How to Become a Christian
I stand before a class of boys, holding on a leaf an ugly-looking creature, and ask them, “What is this?”
“A caterpillar.”
“Are you certain it is not a butterfly?”
“It is nothing like a butterfly,” they answer. “It is a caterpillar.”
I put this ugly-looking worm into a showcase. Later, holding something before the boys, I ask, “What is this?”
“It is a chrysalis,” they reply.
“What is a chrysalis?”
“It is the shell made by the caterpillar.”
I place the chrysalis back into the showcase. A few days later, standing before the boys and again holding an object up to view, I ask, “Who can tell what this is?”
They answer in a breath, “That is a butterfly.”
“Are you certain,” I question, “that it is not a caterpillar?”

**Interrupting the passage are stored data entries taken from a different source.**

lemma mem_Phi_image_if_additive:
  assumes additive: "delta_additive \<epsilon>" and \<tau>: "\<tau> \<in> partitions P le (neg_lab \<epsilon>)"
  shows "\<tau> \<in> Phi P le \<epsilon> ` partitions P le \<epsilon>"
proof
  define \<sigma> where "\<sigma> x = (if x \<in> P then \<tau> x - delta P le \<epsilon> x else 0)" for x
  show "\<tau> = Phi P le \<epsilon> \<sigma>"
    using \<tau> unfolding \<sigma>_def Phi_def partitions_def by auto
  show "\<sigma> \<in> partitions P le \<epsilon>"
    unfolding partitions_iff_covers
  proof (intro conjI allI impI)
    show "\<sigma> x = 0" if "x \<notin> P" for x
      using that unfolding \<sigma>_def by simp
    show "1 \<le> \<sigma> m" if "maximal_in P le m" for m
    proof -
      have "m \<in> P"
        using that unfolding maximal_in_def by blast
      with \<tau> show ?thesis
        using delta_maximal[OF that] unfolding partitions_def \<sigma>_def by auto
    qed
    fix x y
    assume cover: "covers P le x y"
    then have "x \<in> P" "y \<in> P"
      unfolding covers_def by blast+
    moreover have "delta P le \<epsilon> x = \<epsilon> x y + delta P le \<epsilon> y"
      using additive cover unfolding delta_additive_def by blast
    moreover have "\<tau> y \<le> \<tau> x" "\<epsilon> x y = 1 \<longrightarrow> \<tau> y < \<tau> x"
      using \<tau> cover unfolding partitions_iff_covers neg_lab_eq_minus_one_iff by blast+
    ultimately show "\<sigma> y \<le> \<sigma> x" "\<epsilon> x y = -1 \<Longrightarrow> \<sigma> y < \<sigma> x"
      using label_values[of x y] unfolding \<sigma>_def by auto
  qed
qed

lemma additive_if_partitions_neg_subset_Phi_image:
  assumes surj: "partitions P le (neg_lab \<epsilon>) \<subseteq> Phi P le \<epsilon> ` partitions P le \<epsilon>"
  shows "delta_additive \<epsilon>"
  unfolding delta_additive_def
proof (intro allI impI)
  fix x y
  assume cover: "covers P le x y"
  then have "x \<in> P" "y \<in> P"
    unfolding covers_def by blast+
  obtain \<tau> where \<tau>: "\<tau> \<in> partitions P le (neg_lab \<epsilon>)"
    and tight: "\<tau> x = \<tau> y + (if neg_lab \<epsilon> x y = -1 then 1 else 0)"
    using cover by (rule exists_partition_tight_at_cover)
  with surj obtain \<sigma> where \<sigma>: "\<sigma> \<in> partitions P le \<epsilon>" and "\<tau> = Phi P le \<epsilon> \<sigma>"
    by blast
  with \<open>x \<in> P\<close> \<open>y \<in> P\<close> have "\<tau> x - \<tau> y = \<sigma> x - \<sigma> y + delta P le \<epsilon> x - delta P le \<epsilon> y"
    unfolding Phi_def by simp
  moreover have "\<sigma> y \<le> \<sigma> x" "\<epsilon> x y = -1 \<longrightarrow> \<sigma> y < \<sigma> x"
    using \<sigma> cover unfolding partitions_iff_covers by blast+
  moreover have "\<epsilon> x y + delta P le \<epsilon> y \<le> delta P le \<epsilon> x"
    using cover by (rule delta_cover_le)
  ultimately show "delta P le \<epsilon> x = \<epsilon> x y + delta P le \<epsilon> y"
    using tight label_values[of x y] unfolding neg_lab_eq_minus_one_iff by auto
qed

theorem bij_betw_Phi_iff_dual_consistent:
  "bij_betw (Phi P le \<epsilon>) (partitions P le \<epsilon>) (partitions P le (neg_lab \<epsilon>)) \<longleftrightarrow>
     dual_consistent P le \<epsilon>"
proof -
  have "Phi P le \<epsilon> ` partitions P le \<epsilon> \<subseteq> partitions P le (neg_lab \<epsilon>)"
    using Phi_mem_partitions_neg by blast
  then have "bij_betw (Phi P le \<epsilon>) (partitions P le \<epsilon>) (partitions P le (neg_lab \<epsilon>)) \<longleftrightarrow>
      partitions P le (neg_lab \<epsilon>) \<subseteq> Phi P le \<epsilon> ` partitions P le \<epsilon>"
    using inj_on_Phi unfolding bij_betw_def by blast
  also have "\<dots> \<longleftrightarrow> delta_additive \<epsilon>"
    using mem_Phi_image_if_additive additive_if_partitions_neg_subset_Phi_image
    by blast
  finally show ?thesis
    unfolding dual_consistent_iff_delta_additive .
qed

end

theorem proposition7p1:
  fixes P :: "'a set" and le :: "'a \<Rightarrow> 'a \<Rightarrow> bool" and \<omega> :: "'a \<Rightarrow> nat"
  assumes "finite P"
    and "poset_on P le"
    and "bij_betw \<omega> P {1..card P}"
  shows "bij_betw (Phi P le (eps_of \<omega>)) (partitions P le (eps_of \<omega>))
            (partitions P le (neg_lab (eps_of \<omega>)))
         \<longleftrightarrow> dual_consistent P le (eps_of \<omega>)"
proof -
  (* Only the fact that eps_of takes the values 1 and -1 is needed; \<omega> need not be bijective. *)
  interpret labeled_poset P le "eps_of \<omega>"
    using assms(1,2) by unfold_locales (auto simp: eps_of_def)
  show ?thesis
    by (rule bij_betw_Phi_iff_dual_consistent)
qed

end
lemma graph_dist_surj_weak_graph_hom_le:
  assumes f: "surj_weak_graph_hom V E W F f" and "reachable V E u v"
  shows "graph_dist W F (f u) (f v) \<le> graph_dist V E u v"
proof -
  have "walk_of_length V E (graph_dist V E u v) u v"
    using assms(2) unfolding reachable_def graph_dist_def by (rule LeastI_ex)
  then obtain k where "k \<le> graph_dist V E u v" and "walk_of_length W F k (f u) (f v)"
    using walk_of_length_surj_weak_graph_hom[OF f] by blast
  then show ?thesis unfolding graph_dist_def by (meson Least_le order_trans)
qed

lemma graph_connected_surj_weak_graph_hom:
  assumes f: "surj_weak_graph_hom V E W F f" and conn: "graph_connected V E"
  shows "graph_connected W F"
  unfolding graph_connected_def
proof (intro ballI)
  fix x y assume "x \<in> W" "y \<in> W"
  then obtain u v where "u \<in> V" "v \<in> V" "x = f u" "y = f v"
    using f unfolding surj_weak_graph_hom_def by blast
  moreover have "reachable V E u v"
    using conn \<open>u \<in> V\<close> \<open>v \<in> V\<close> unfolding graph_connected_def by blast
  ultimately show "reachable W F x y"
    using reachable_surj_weak_graph_hom[OF f] by simp
qed

lemma finite_graph_dists:
  assumes "finite V"
  shows "finite {graph_dist V E u v | u v. u \<in> V \<and> v \<in> V}"
proof -
  have "{graph_dist V E u v | u v. u \<in> V \<and> v \<in> V} = (\<lambda>(u, v). graph_dist V E u v) ` (V \<times> V)"
    by auto
  with assms show ?thesis by simp
qed

lemma graph_dist_le_graph_diameter:
  "u \<in> V \<Longrightarrow> v \<in> V \<Longrightarrow> finite V \<Longrightarrow> graph_dist V E u v \<le> graph_diameter V E"
  unfolding graph_diameter_def by (intro Max_ge finite_graph_dists) auto

lemma graph_diameter_le_iff:
  "finite V \<Longrightarrow> V \<noteq> {} \<Longrightarrow> graph_diameter V E \<le> n \<longleftrightarrow> (\<forall>u \<in> V. \<forall>v \<in> V. graph_dist V E u v \<le> n)"
  unfolding graph_diameter_def by (subst Max_le_iff) (auto intro: finite_graph_dists)

lemma graph_diameter_surj_weak_graph_hom_le:
  assumes f: "surj_weak_graph_hom V E W F f" and "finite V" and conn: "graph_connected V E"
  shows "graph_diameter W F \<le> graph_diameter V E"
proof (cases "V = {}")
  case True
  \<comment> \<open>both diameters are then the junk value \<open>Max {}\<close>\<close>
  then show ?thesis using f by (simp add: surj_weak_graph_hom_def graph_diameter_def)
next
  case False
  have W: "W = f ` V" using f by (simp add: surj_weak_graph_hom_def)
  have "graph_dist W F (f u) (f v) \<le> graph_diameter V E" if "u \<in> V" "v \<in> V" for u v
  proof -
    have "graph_dist W F (f u) (f v) \<le> graph_dist V E u v"
      using that conn f by (simp add: graph_connected_def graph_dist_surj_weak_graph_hom_le)
    also have "\<dots> \<le> graph_diameter V E"
      using that \<open>finite V\<close> by (rule graph_dist_le_graph_diameter)
    finally show ?thesis .
  qed
  then show ?thesis
    using \<open>finite V\<close> False by (simp add: W graph_diameter_le_iff)
qed

lemma connected_components_eq_image:
  "connected_components V E = (\<lambda>u. {v. reachable V E u v}) ` V"
  unfolding connected_components_def quotient_def using reachable_in_vertices by fastforce

lemma num_components_surj_weak_graph_hom_le:
  assumes f: "surj_weak_graph_hom V E W F f" and "finite V"
  shows "num_components W F \<le> num_components V E"
proof -
  define component_of_image where
    "component_of_image C = {x. \<exists>v \<in> C. reachable W F (f v) x}" for C
  have "component_of_image {v. reachable V E u v} = {x. reachable W F (f u) x}" if "u \<in> V" for u
  proof (intro equalityI subsetI)
    fix x assume "x \<in> component_of_image {v. reachable V E u v}"
    then obtain v where uv: "reachable V E u v" and vx: "reachable W F (f v) x"
      unfolding component_of_image_def by blast
    from uv have "reachable W F (f u) (f v)"
      by (rule reachable_surj_weak_graph_hom[OF f])
    with vx show "x \<in> {x. reachable W F (f u) x}"
      using reachable_trans by fastforce
  next
    fix x assume "x \<in> {x. reachable W F (f u) x}"
    then show "x \<in> component_of_image {v. reachable V E u v}"
      unfolding component_of_image_def using reachable_refl[OF that] by blast
  qed
  moreover have "W = f ` V"
    using f by (simp add: surj_weak_graph_hom_def)
  ultimately have "connected_components W F = component_of_image ` connected_components V E"
    by (simp add: connected_components_eq_image image_image cong: image_cong)
  then show ?thesis
    unfolding num_components_def
    using \<open>finite V\<close> by (simp add: connected_components_eq_image card_image_le)
qed

lemma (in group_action) orbit_subset: "x \<in> E \<Longrightarrow> orbit G \<phi> x \<subseteq> E"
  unfolding orbit_def using element_image by blast

lemma (in group_action) orbit_eq_if_mem:
  assumes x: "x \<in> E" and y: "y \<in> orbit G \<phi> x"
  shows "orbit G \<phi> y = orbit G \<phi> x"
proof -
  have yE: "y \<in> E" using orbit_subset[OF x] y by blast
  have xy: "x \<in> orbit G \<phi> y" using orbit_sym[OF x yE y] .
  show ?thesis
  proof (intro equalityI subsetI)
    fix z assume z: "z \<in> orbit G \<phi> y"
    with orbit_subset[OF yE] have "z \<in> E" by blast
    from orbit_trans[OF x yE this y z] show "z \<in> orbit G \<phi> x" .
  next
    fix z assume z: "z \<in> orbit G \<phi> x"
    with orbit_subset[OF x] have "z \<in> E" by blast
    from orbit_trans[OF yE x this xy z] show "z \<in> orbit G \<phi> y" .
  qed
qed

lemma orbit_subgroup_subset:
  "H \<subseteq> carrier G \<Longrightarrow> orbit (G\<lparr>carrier := H\<rparr>) \<phi> x \<subseteq> orbit G \<phi> x"
  unfolding orbit_def by auto

lemma (in group_action) orbit_subgroup_refl:
  assumes "subgroup H G" and "x \<in> E"
  shows "x \<in> orbit (G\<lparr>carrier := H\<rparr>) \<phi> x"
proof -
  have "\<phi> \<one> x = x" using id_eq_one assms(2) by (metis restrict_apply')
  then show ?thesis using subgroup.one_closed[OF assms(1)] unfolding orbit_def by force
qed

lemma (in group_action) orbit_some_mem_orbit_subgroup:
  assumes "subgroup H G" and "x \<in> E"
  shows "orbit G \<phi> (SOME y. y \<in> orbit (G\<lparr>carrier := H\<rparr>) \<phi> x) = orbit G \<phi> x"
proof -
  have "(SOME y. y \<in> orbit (G\<lparr>carrier := H\<rparr>) \<phi> x) \<in> orbit (G\<lparr>carrier := H\<rparr>) \<phi> x"
    using orbit_subgroup_refl[OF assms] by (rule someI)
  then have "(SOME y. y \<in> orbit (G\<lparr>carrier := H\<rparr>) \<phi> x) \<in> orbit G \<phi> x"
    using orbit_subgroup_subset[OF subgroup.subset[OF assms(1)]] by (rule subsetD[rotated])
  then show ?thesis
    by (rule orbit_eq_if_mem[OF assms(2)])
qed

lemma orbit_graph_surj_weak_graph_hom:
  assumes "group_action A (carrier G) \<phi>" and "subgroup B A"
  shows "surj_weak_graph_hom (orbit_graph_vertices (A\<lparr>carrier := B\<rparr>) G \<phi>) (orbit_graph_adj G)
           (orbit_graph_vertices A G \<phi>) (orbit_graph_adj G) (\<lambda>P. orbit A \<phi> (SOME x. x \<in> P))"
    (is "surj_weak_graph_hom ?VB ?E ?VA ?E ?f")
proof -
  interpret group_action A "carrier G" \<phi> by fact
  have enclosing: "?f (orbit (A\<lparr>carrier := B\<rparr>) \<phi> x) = orbit A \<phi> x" if "x \<in> carrier G" for x
    using orbit_some_mem_orbit_subgroup[OF assms(2) that] .
  have image: "?f ` ?VB = ?VA"
    unfolding orbit_graph_vertices_def Setcompr_eq_image image_image
    using enclosing by (intro image_cong) auto
  have within_enclosing: "P \<subseteq> ?f P" if P: "P \<in> ?VB" for P
  proof -
    obtain x where "x \<in> carrier G" and "P = orbit (A\<lparr>carrier := B\<rparr>) \<phi> x"
      using P unfolding orbit_graph_vertices_def by blast
    then show ?thesis
      using enclosing orbit_subgroup_subset[OF subgroup.subset[OF assms(2)]] by simp
  qed
  have "?f P = ?f Q \<or> ?E (?f P) (?f Q)" if "P \<in> ?VB" "Q \<in> ?VB" "?E P Q" for P Q
  proof -
    obtain x y where "x \<in> P" "y \<in> Q" "x \<otimes>\<^bsub>G\<^esub> y = y \<otimes>\<^bsub>G\<^esub> x"
      using \<open>?E P Q\<close> unfolding orbit_graph_adj_def by blast
    moreover have "x \<in> ?f P" "y \<in> ?f Q"
      using within_enclosing that \<open>x \<in> P\<close> \<open>y \<in> Q\<close> by blast+
    ultimately show ?thesis
      unfolding orbit_graph_adj_def by blast
  qed
  with image show ?thesis
    unfolding surj_weak_graph_hom_def by blast
qed

lemma finite_orbit_graph_vertices:
  "finite (carrier G) \<Longrightarrow> finite (orbit_graph_vertices A G \<phi>)"
  unfolding orbit_graph_vertices_def by simp

theorem lemma2p1:
  fixes G :: "('a, 'd) monoid_scheme" and A :: "('b, 'c) monoid_scheme"
    and \<phi> :: "'b \<Rightarrow> 'a \<Rightarrow> 'a" and B :: "'b set" and d m :: nat
  assumes "acts_by_automorphisms A G \<phi>"
    and "finite (carrier G)" and "finite (carrier A)"
    and "subgroup B A"
  shows "(graph_connected (orbit_graph_vertices (A\<lparr>carrier := B\<rparr>) G \<phi>) (orbit_graph_adj G)
           \<and> graph_diameter (orbit_graph_vertices (A\<lparr>carrier := B\<rparr>) G \<phi>) (orbit_graph_adj G) = d
         \<longrightarrow> graph_connected (orbit_graph_vertices A G \<phi>) (orbit_graph_adj G)
           \<and> graph_diameter (orbit_graph_vertices A G \<phi>) (orbit_graph_adj G) \<le> d)
       \<and> (num_components (orbit_graph_vertices (A\<lparr>carrier := B\<rparr>) G \<phi>) (orbit_graph_adj G) = m
         \<longrightarrow> num_components (orbit_graph_vertices A G \<phi>) (orbit_graph_adj G) \<le> m)"
proof -
  let ?VA = "orbit_graph_vertices A G \<phi>" and ?VB = "orbit_graph_vertices (A\<lparr>carrier := B\<rparr>) G \<phi>"
    and ?E = "orbit_graph_adj G"
  have "group_action A (carrier G) \<phi>"
    using assms(1) unfolding acts_by_automorphisms_def by blast
  then have hom: "surj_weak_graph_hom ?VB ?E ?VA ?E (\<lambda>P. orbit A \<phi> (SOME x. x \<in> P))"
    using assms(4) by (rule orbit_graph_surj_weak_graph_hom)
  have fin: "finite ?VB"
    using assms(2) by (rule finite_orbit_graph_vertices)
  show ?thesis
  proof (intro conjI impI)
    assume "graph_connected ?VB ?E \<and> graph_diameter ?VB ?E = d"
    then show "graph_connected ?VA ?E" and "graph_diameter ?VA ?E \<le> d"
      using graph_connected_surj_weak_graph_hom[OF hom] graph_diameter_surj_weak_graph_hom_le[OF hom fin]
      by simp_all
  next
    assume "num_components ?VB ?E = m"
    then show "num_components ?VA ?E \<le> m"
      using num_components_surj_weak_graph_hom_le[OF hom fin] by simp
  qed
qed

“Certainly it is not a caterpillar. It is a butterfly.” The boys know that a caterpillar is not a butterfly and also that a butterfly is not a caterpillar.
“But, you said awhile ago that it was a caterpillar; now you say it is not one. This is a mystery. Who can explain it?”
One bright boy holds up his hand. “It was a caterpillar, but it died to its old life. It was in that chrysalis tomb like a dead thing. The old caterpillar life passed away, and a new life came forth. A butterfly life. This butterfly is a new creature with a new life. All its habits, all its manner of life are entirely new.”
The boy is right. He has told the story, too, of how the sinner becomes a Christian. He must die to the old life of sin. Out of that death springs forth the Christian life. The Christian is a new creation. He is as distinct from the sinner as the butterfly is from the caterpillar.